[Dataset records]
lemma lattice_basis_map:
  assumes "lattice_basis bs L" "linear h" "inj_on h (span L)"
  shows "lattice_basis (map h bs) (h ` L)"
proof -
  have inj: "inj_on h (span (set bs))"
    using assms(1,3) span_lattice_basis by metis
  have "distinct (map h bs)"
    using assms(1) inj span_superset by (auto simp: distinct_map lattice_basis_def intro: inj_on_subset)
  moreover have "independent (set (map h bs))"
    using linear_independent_injective_image[OF assms(2)] assms(1) inj
    by (simp add: lattice_basis_def)
  moreover have hsum: "h (\<Sum>i<length bs. c i *\<^sub>R bs ! i) = (\<Sum>i<length bs. c i *\<^sub>R map h bs ! i)" for c
    using assms(2) by (simp add: linear_sum linear_scale)
  have "h ` L = {\<Sum>i<length bs. c i *\<^sub>R map h bs ! i | c. \<forall>i<length bs. c i \<in> \<int>}"
  proof (intro equalityI subsetI)
    fix y assume "y \<in> h ` L"
    then obtain x where x: "x \<in> L" "y = h x"
      by blast
    obtain c where "\<forall>i<length bs. c i \<in> \<int>" "x = (\<Sum>i<length bs. c i *\<^sub>R bs ! i)"
      by (rule lattice_basis_memE[OF assms(1) x(1)])
    then show "y \<in> {\<Sum>i<length bs. c i *\<^sub>R map h bs ! i | c. \<forall>i<length bs. c i \<in> \<int>}"
      using x(2) hsum by blast
  next
    fix y assume "y \<in> {\<Sum>i<length bs. c i *\<^sub>R map h bs ! i | c. \<forall>i<length bs. c i \<in> \<int>}"
    then obtain c where c: "\<forall>i<length bs. c i \<in> \<int>" "y = (\<Sum>i<length bs. c i *\<^sub>R map h bs ! i)"
      by blast
    have "(\<Sum>i<length bs. c i *\<^sub>R bs ! i) \<in> L"
      by (rule lattice_basis_memI[OF assms(1) c(1)])
    then show "y \<in> h ` L"
      unfolding c(2) hsum[symmetric] by (rule imageI)
  qed
  ultimately show ?thesis
    unfolding lattice_basis_def by simp
qed

lemma lattice_basis_eq_Nil_iff: "lattice_basis bs L \<Longrightarrow> L = {0} \<longleftrightarrow> bs = []"
  using dim_lattice_basis[OF lattice_basis_Nil] dim_lattice_basis[of bs L]
  by (auto simp: lattice_basis_def)

lemma lattice_rank_one_basis:
  assumes "is_lattice B" "lattice_rank B = 1"
  obtains v where "lattice_basis [v] B"
proof -
  obtain bs where bs: "lattice_basis bs B"
    using assms(1) unfolding is_lattice_def by blast
  then have "length bs = 1"
    using assms(2) dim_lattice_basis[OF bs] by (simp add: lattice_rank_def)
  then show thesis
    using bs that by (cases bs) auto
qed

section \<open>Orthogonal sums\<close>

text \<open>An internal orthogonal sum of lattices \<open>X\<close> and \<open>Y\<close> is the Minkowski sum \<open>X + Y\<close>
  (from \<^theory>\<open>HOL-Library.Set_Algebras\<close>) of orthogonal lattices.\<close>

definition orthogonal_sets :: "'a::real_inner set \<Rightarrow> 'a set \<Rightarrow> bool" where
  "orthogonal_sets X Y \<longleftrightarrow> (\<forall>x\<in>X. \<forall>y\<in>Y. inner x y = 0)"

lemma orthogonal_sets_sym: "orthogonal_sets X Y \<Longrightarrow> orthogonal_sets Y X"
  unfolding orthogonal_sets_def by (metis inner_commute)

lemma orthogonal_sets_mono: "orthogonal_sets X Y \<Longrightarrow> X' \<subseteq> X \<Longrightarrow> Y' \<subseteq> Y \<Longrightarrow> orthogonal_sets X' Y'"
  unfolding orthogonal_sets_def by blast

lemma orthogonal_sets_plus_left:
  "orthogonal_sets X Z \<Longrightarrow> orthogonal_sets Y Z \<Longrightarrow> orthogonal_sets (X + Y) Z"
  unfolding orthogonal_sets_def by (auto simp: set_plus_def inner_add_left)

lemma orthogonal_sets_plus_right:
  "orthogonal_sets X Y \<Longrightarrow> orthogonal_sets X Z \<Longrightarrow> orthogonal_sets X (Y + Z)"
  by (meson orthogonal_sets_plus_left orthogonal_sets_sym)

lemma orthogonal_sets_span:
  assumes "orthogonal_sets X Y" "x \<in> span X" "y \<in> span Y"
  shows "inner x y = 0"
proof -
  have *: "inner x y = 0" if "y \<in> Y" for y
    by (rule span_induct[OF assms(2) subspace_hyperplane2])
      (use assms(1) that in \<open>simp add: orthogonal_sets_def\<close>)
  show ?thesis
    by (rule span_induct[OF assms(3) subspace_hyperplane]) (rule *)
qed

lemma independent_Un_orthogonal:
  fixes S T :: "'a::euclidean_space set"
  assumes S: "independent S" and T: "independent T" and ST: "orthogonal_sets S T"
  shows "independent (S \<union> T)" "S \<inter> T = {}"
proof -
  show disjoint: "S \<inter> T = {}"
  proof (rule ccontr)
    assume "S \<inter> T \<noteq> {}"
    then obtain x where "x \<in> S" "x \<in> T" by blast
    then have "inner x x = 0"
      using ST by (simp add: orthogonal_sets_def)
    then have "x = 0"
      by simp
    then show False
      using S \<open>x \<in> S\<close> dependent_zero by blast
  qed
  have fin: "finite S" "finite T"
    using S T independent_imp_finite by blast+
  have "card (S \<union> T) = dim S + dim T"
    using S T fin disjoint by (simp add: card_Un_disjoint dim_eq_card_independent)
  also have "\<dots> = dim (S \<union> T)"
    using ST by (simp add: orthogonal_sets_def dim_orthogonal_sum)
  finally show "independent (S \<union> T)"
    using card_eq_dim[of "S \<union> T" "S \<union> T"] fin by (simp add: span_superset)
qed

lemma sum_lessThan_add:
  fixes f :: "nat \<Rightarrow> 'a::comm_monoid_add"
  shows "(\<Sum>i<m + k. f i) = (\<Sum>i<m. f i) + (\<Sum>j<k. f (m + j))"
  by (induct k) (simp_all add: add_ac)

lemma lattice_basis_append:
  assumes xs: "lattice_basis xs X" and ys: "lattice_basis ys Y" and XY: "orthogonal_sets X Y"
  shows "lattice_basis (xs @ ys) (X + Y)"
proof -
  have "orthogonal_sets (set xs) (set ys)"
    using XY lattice_basis_set_subset[OF xs] lattice_basis_set_subset[OF ys] by (rule orthogonal_sets_mono)
  then have indep: "independent (set xs \<union> set ys)" and disjoint: "set xs \<inter> set ys = {}"
    using independent_Un_orthogonal xs ys unfolding lattice_basis_def by blast+
  let ?m = "length xs" and ?k = "length ys"
  have split: "(\<Sum>i<length (xs @ ys). c i *\<^sub>R (xs @ ys) ! i) =
      (\<Sum>i<?m. c i *\<^sub>R xs ! i) + (\<Sum>j<?k. c (?m + j) *\<^sub>R ys ! j)" for c
    by (simp add: sum_lessThan_add nth_append)
  have "X + Y = {\<Sum>i<length (xs @ ys). c i *\<^sub>R (xs @ ys) ! i | c. \<forall>i<length (xs @ ys). c i \<in> \<int>}"
  proof (intro equalityI subsetI)
    fix z assume "z \<in> X + Y"
    then obtain x y where z: "z = x + y" "x \<in> X" "y \<in> Y"
      by (rule set_plus_elim)
    obtain c where c: "\<forall>i<?m. c i \<in> \<int>" "x = (\<Sum>i<?m. c i *\<^sub>R xs ! i)"
      by (rule lattice_basis_memE[OF xs z(2)])
    obtain d where d: "\<forall>i<?k. d i \<in> \<int>" "y = (\<Sum>i<?k. d i *\<^sub>R ys ! i)"
      by (rule lattice_basis_memE[OF ys z(3)])
    define e where "e i = (if i < ?m then c i else d (i - ?m))" for i
    have "z = (\<Sum>i<length (xs @ ys). e i *\<^sub>R (xs @ ys) ! i)"
      unfolding split z c d by (simp add: e_def)
    moreover have "\<forall>i<length (xs @ ys). e i \<in> \<int>"
      using c(1) d(1) by (simp add: e_def)
    ultimately show "z \<in> {\<Sum>i<length (xs @ ys). c i *\<^sub>R (xs @ ys) ! i | c. \<forall>i<length (xs @ ys). c i \<in> \<int>}"
      by blast
  next
    fix z assume "z \<in> {\<Sum>i<length (xs @ ys). c i *\<^sub>R (xs @ ys) ! i | c. \<forall>i<length (xs @ ys). c i \<in> \<int>}"
    then obtain c where c: "\<forall>i<length (xs @ ys). c i \<in> \<int>" "z = (\<Sum>i<length (xs @ ys). c i *\<^sub>R (xs @ ys) ! i)"
      by blast
    have "(\<Sum>i<?m. c i *\<^sub>R xs ! i) \<in> X"
      using c(1) by (intro lattice_basis_memI[OF xs]) simp
    moreover have "(\<Sum>j<?k. c (?m + j) *\<^sub>R ys ! j) \<in> Y"
      using c(1) by (intro lattice_basis_memI[OF ys]) simp
    ultimately show "z \<in> X + Y"
      unfolding c(2) split by (rule set_plus_intro)
  qed
  moreover have "distinct (xs @ ys)"
    using xs ys disjoint by (simp add: lattice_basis_def)
  ultimately show ?thesis
    using indep by (simp add: lattice_basis_def)
qed

lemma is_lattice_plus:
  "is_lattice X \<Longrightarrow> is_lattice Y \<Longrightarrow> orthogonal_sets X Y \<Longrightarrow> is_lattice (X + Y)"
  unfolding is_lattice_def using lattice_basis_append by blast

» What is being asked:
Wherever a line in the data above holds "hsum", copy that line.

» Output of the exercise:
  moreover have hsum: "h (\<Sum>i<length bs. c i *\<^sub>R bs ! i) = (\<Sum>i<length bs. c i *\<^sub>R map h bs ! i)" for c
      using x(2) hsum by blast
      unfolding c(2) hsum[symmetric] by (rule imageI)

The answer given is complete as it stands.